①パウロは、「決してそんなことはありません」と答える。
②ギリシア語の「メイ・ゲノイト」は、強意の否定である。
③約束と律法には、それぞれ異なった目的がある。
(2)律法の目的は、いのちを与えることではない。
①理論的には、律法を完全に守れるなら、律法による救いは可能である。
②しかし、律法を完璧に守れる人はいない。
③ロマ8:3~4
Rom 8:3 肉によって弱くなったため、律法にできなくなったことを、神はしてくださいました。神はご自分の御子を、罪深い肉と同じような形で、罪のきよめのために遣わし、肉において罪を処罰されたのです。
Rom 8:4 それは、肉に従わず御霊に従って歩む私たちのうちに、律法の要求が満たされるためなのです。
④申命8:1は、律法を守ろうと努力する人に地上生活の祝福を約束している。
Deu 8:1 私が今日あなたに命じるすべての命令を、あなたがたは守り行わなければならない。そうすれば、あなたがたは生きて数を増やし、【主】があなたがたの父祖たちに誓われた地に入って、それを所有することができる。
(3)律法は、福音への道を用意した。
①律法によって罪を示された人は、呪いの下に置かれる(ロマ3:23~24)。
Rom 3:23 すべての人は罪を犯して、神の栄光を受けることができず、
Rom 3:24 神の恵みにより、キリスト・イエスによる贖いを通して、価なしに義と認められるからです。
3.23~25節
Gal 3:23 信仰が現れる前、私たちは律法の下で監視され、来たるべき信仰が啓示されるまで閉じ込められていました。

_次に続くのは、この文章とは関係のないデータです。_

(* Let $S$ be a word of length $n$ and $C$ a word. If $C$ is an s-cover of $S$, then there exist positive integers $r_0,\dots,r_{n-1}$ such that the word $S[0]^{r_0}S[1]^{r_1}\cdots S[n-1]^{r_{n-1}}$ belongs to the shuffle closure $C^{\odot}$.
   Context: For words $C,S$, $C$ is an \emph{s-cover} of $S$ if for every position $i$ of $S$ there exist indices $j_0<\dots<j_{|C|-1}$ with $S[j_t]=C[t]$ for all $t$ and $i\in\{j_0,\dots,j_{|C|-1}\}$. For a letter $x$ and integer $r\ge1$, $x^r$ is $x$ repeated $r$ times. The shuffle closure $C^{\odot}$ is the set of words $W$ whose set of positions $\{0,\dots,|W|-1\}$ can be partitioned into pairwise disjoint sets, each of which is the set of positions $j_0<\dots<j_{|C|-1}$ of an occurrence of $C$ as a subsequence of $W$ (i.e., $W$ is an interleaving of copies of $C$). *)

theory Defs
  imports Main
begin

text \<open>Words are lists. An occurrence of C as a subsequence of S is given by the list of
  its positions j_0 < ... < j_{|C|-1} in S.\<close>

definition occurrence :: "'a list \<Rightarrow> 'a list \<Rightarrow> nat list \<Rightarrow> bool" where
  "occurrence C S js \<longleftrightarrow>
     length js = length C \<and> sorted_wrt (<) js \<and> (\<forall>j\<in>set js. j < length S) \<and>
     (\<forall>t<length C. S ! (js ! t) = C ! t)"

definition s_cover :: "'a list \<Rightarrow> 'a list \<Rightarrow> bool" where
  "s_cover C S \<longleftrightarrow> (\<forall>i<length S. \<exists>js. occurrence C S js \<and> i \<in> set js)"

text \<open>Shuffle closure: the positions of W are partitioned into pairwise disjoint
  position sets of occurrences of C.\<close>

definition shuffle_closure :: "'a list \<Rightarrow> 'a list set" where
  "shuffle_closure C = {W. \<exists>occs :: nat list list.
      (\<forall>js\<in>set occs. occurrence C W js) \<and>
      (\<forall>a<length occs. \<forall>b<length occs. a \<noteq> b \<longrightarrow> set (occs ! a) \<inter> set (occs ! b) = {}) \<and>
      (\<Union>js\<in>set occs. set js) = {0..<length W}}"

definition expand_word :: "'a list \<Rightarrow> (nat \<Rightarrow> nat) \<Rightarrow> 'a list" where
  "expand_word S r = concat (map (\<lambda>i. replicate (r i) (S ! i)) [0..<length S])"

end

theory Submission
  imports Defs
begin

text \<open>Fix occurrences of C covering every position of S, and copy the letter at position p
  once for each of these occurrences passing through p. Tag every copy with its occurrence
  (the pair (p, k) is the copy of S[p] belonging to the k-th occurrence). Since the copies are
  listed position by position, those carrying a fixed tag k spell out C along the k-th
  occurrence, so the tags partition the expanded word into occurrences of C.\<close>

lemma filter_upt_mem_strict_sorted:
  assumes "sorted_wrt (<) xs" and "\<forall>j\<in>set xs. j < n"
  shows "filter (\<lambda>p. p \<in> set xs) [0..<n] = xs"
  by (rule sorted_distinct_set_unique)
    (use assms in \<open>auto intro: sorted_wrt_filter simp: strict_sorted_iff\<close>)

lemma filter_upt_eq_singleton:
  assumes "k < m"
  shows "filter (\<lambda>j. Q j \<and> j = k) [0..<m] = (if Q k then [k] else [])"
  by (rule sorted_distinct_set_unique) (use assms in \<open>auto intro: sorted_wrt_filter\<close>)

lemma map_nth_filter_upt_length:
  "map (nth xs) (filter (\<lambda>i. Q (xs ! i)) [0..<length xs]) = filter Q xs"
  by (subst (2) map_nth[symmetric]) (simp add: filter_map comp_def)

lemma occurrence_lift:
  assumes "occurrence C S js" and "map h xs = js" and "sorted_wrt (<) xs"
    and "\<forall>x\<in>set xs. x < length W \<and> W ! x = S ! h x"
  shows "occurrence C W xs"
proof -
  have len: "length xs = length C"
    using assms(1,2) unfolding occurrence_def by auto
  have "W ! (xs ! t) = C ! t" if "t < length C" for t
  proof -
    have "W ! (xs ! t) = S ! (js ! t)"
      using assms(2,4) len that by auto
    then show ?thesis
      using assms(1) that unfolding occurrence_def by simp
  qed
  then show ?thesis
    using assms(3,4) len unfolding occurrence_def by blast
qed

definition occurrences_through :: "nat list list \<Rightarrow> nat \<Rightarrow> nat list" where
  "occurrences_through occs p = filter (\<lambda>k. p \<in> set (occs ! k)) [0..<length occs]"

definition tagged_copies :: "nat list list \<Rightarrow> nat \<Rightarrow> (nat \<times> nat) list" where
  "tagged_copies occs n = concat (map (\<lambda>p. map (Pair p) (occurrences_through occs p)) [0..<n])"

lemma occurrences_through_eq_Nil_iff:
  "occurrences_through occs p = [] \<longleftrightarrow> (\<forall>js\<in>set occs. p \<notin> set js)"
  by (auto simp: occurrences_through_def filter_empty_conv all_set_conv_all_nth)

lemma expand_word_occurrences_through:
  "expand_word S (\<lambda>p. length (occurrences_through occs p))
     = map (\<lambda>q. S ! fst q) (tagged_copies occs (length S))"
  by (simp add: expand_word_def tagged_copies_def map_concat comp_def map_replicate_const)

lemma tagged_copies_snd_less:
  "q \<in> set (tagged_copies occs n) \<Longrightarrow> snd q < length occs"
  by (auto simp: tagged_copies_def occurrences_through_def)

lemma map_fst_filter_tagged_copies:
  assumes "k < length occs"
  shows "map fst (filter (\<lambda>q. snd q = k) (tagged_copies occs n))
           = filter (\<lambda>p. p \<in> set (occs ! k)) [0..<n]"
proof (induction n)
  case 0
  then show ?case by (simp add: tagged_copies_def)
next
  case (Suc n)
  have "filter (\<lambda>j. j = k) (occurrences_through occs n) = (if n \<in> set (occs ! k) then [k] else [])"
    using filter_upt_eq_singleton[OF assms, of "\<lambda>k. n \<in> set (occs ! k)"]
    by (simp add: occurrences_through_def)
  then have "map fst (filter (\<lambda>q. snd q = k) (map (Pair n) (occurrences_through occs n)))
               = (if n \<in> set (occs ! k) then [n] else [])"
    by (simp add: filter_map comp_def)
  with Suc.IH show ?case
    by (simp add: tagged_copies_def)
qed

lemma expand_word_occurrences_through_in_shuffle_closure:
  assumes occs: "\<forall>js\<in>set occs. occurrence C S js"
  shows "expand_word S (\<lambda>p. length (occurrences_through occs p)) \<in> shuffle_closure C"
proof -
  define P where "P = tagged_copies occs (length S)"
  define W where "W = map (\<lambda>q. S ! fst q) P"
  define fibre where "fibre k = filter (\<lambda>x. snd (P ! x) = k) [0..<length P]" for k
  have tag_less: "snd (P ! x) < length occs" if "x < length P" for x
    using tagged_copies_snd_less nth_mem[OF that] unfolding P_def by blast
  have fibre_occurrence: "occurrence C W (fibre k)" if k: "k < length occs" for k
  proof (rule occurrence_lift)
    have "map (\<lambda>x. fst (P ! x)) (fibre k) = map fst (map (nth P) (fibre k))"
      by simp
    also have "\<dots> = map fst (filter (\<lambda>q. snd q = k) P)"
      unfolding fibre_def map_nth_filter_upt_length[of P "\<lambda>q. snd q = k"] ..
    also have "\<dots> = filter (\<lambda>p. p \<in> set (occs ! k)) [0..<length S]"
      unfolding P_def by (rule map_fst_filter_tagged_copies[OF k])
    also have "\<dots> = occs ! k"
      using occs k by (intro filter_upt_mem_strict_sorted) (auto simp: occurrence_def)
    finally show "map (\<lambda>x. fst (P ! x)) (fibre k) = occs ! k" .
    show "occurrence C S (occs ! k)"
      using occs k by simp
    show "sorted_wrt (<) (fibre k)"
      unfolding fibre_def by (intro sorted_wrt_filter) simp
    show "\<forall>x\<in>set (fibre k). x < length W \<and> W ! x = S ! fst (P ! x)"
      unfolding fibre_def W_def by simp
  qed
  define fibres where "fibres = map fibre [0..<length occs]"
  have "W \<in> shuffle_closure C"
    unfolding shuffle_closure_def
  proof (intro CollectI exI[of _ fibres] conjI)
    show "\<forall>js\<in>set fibres. occurrence C W js"
      using fibre_occurrence unfolding fibres_def by auto
    show "\<forall>a<length fibres. \<forall>b<length fibres. a \<noteq> b \<longrightarrow> set (fibres ! a) \<inter> set (fibres ! b) = {}"
      unfolding fibres_def fibre_def by auto
    show "(\<Union>js\<in>set fibres. set js) = {0..<length W}"
      using tag_less unfolding fibres_def fibre_def W_def by fastforce
  qed
  then show ?thesis
    unfolding W_def P_def expand_word_occurrences_through .
qed

lemma s_cover_obtains_covering_occurrences:
  assumes "s_cover C S"
  obtains occs where "\<forall>js\<in>set occs. occurrence C S js"
    and "\<forall>i<length S. \<exists>js\<in>set occs. i \<in> set js"
proof -
  obtain f where f: "\<And>i. i < length S \<Longrightarrow> occurrence C S (f i) \<and> i \<in> set (f i)"
    using assms unfolding s_cover_def by metis
  show thesis
  proof (rule that[of "map f [0..<length S]"])
    show "\<forall>js\<in>set (map f [0..<length S]). occurrence C S js"
      using f by auto
    show "\<forall>i<length S. \<exists>js\<in>set (map f [0..<length S]). i \<in> set js"
      using f by (metis atLeastLessThan_iff image_eqI le0 set_map set_upt)
  qed
qed

theorem mainTheorem20:
  fixes S C :: "'a list"
  assumes "s_cover C S"
  shows "\<exists>r :: nat \<Rightarrow> nat. (\<forall>i<length S. r i > 0) \<and> expand_word S r \<in> shuffle_closure C"
proof -
  obtain occs where occs: "\<forall>js\<in>set occs. occurrence C S js"
    and covering: "\<forall>i<length S. \<exists>js\<in>set occs. i \<in> set js"
    using s_cover_obtains_covering_occurrences[OF assms] .
  let ?r = "\<lambda>p. length (occurrences_through occs p)"
  have "\<forall>i<length S. ?r i > 0"
    using covering occurrences_through_eq_Nil_iff by (metis length_greater_0_conv)
  moreover have "expand_word S ?r \<in> shuffle_closure C"
    using occs by (rule expand_word_occurrences_through_in_shuffle_closure)
  ultimately show ?thesis
    by (intro exI[of _ ?r] conjI)
qed

end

Gal 3:24 こうして、律法は私たちをキリストに導く養育係となりました。それは、私たちが信仰によって義と認められるためです。
Gal 3:25 しかし、信仰が現れたので、私たちはもはや養育係の下にはいません。
(1)次にパウロは、2つの例を用いて律法の役割を解説する。
①牢獄の例
*キリストの到来まで、私たちは律法に監視され、閉じ込められていた。
*ここでの「私たち」とは、ユダヤ人たちである。
②養育係の例
*律法は、私たちをキリストに導く養育係となった。
*信仰による義を獲得するためである。
*キリストが現れたので、私たちは養育係の下にはいない。
Ⅲ.信者の地位( 26 ~ 29 節)
1.26~27節
Gal 3:26 あなたがたはみな、信仰により、キリスト・イエスにあって神の子どもです。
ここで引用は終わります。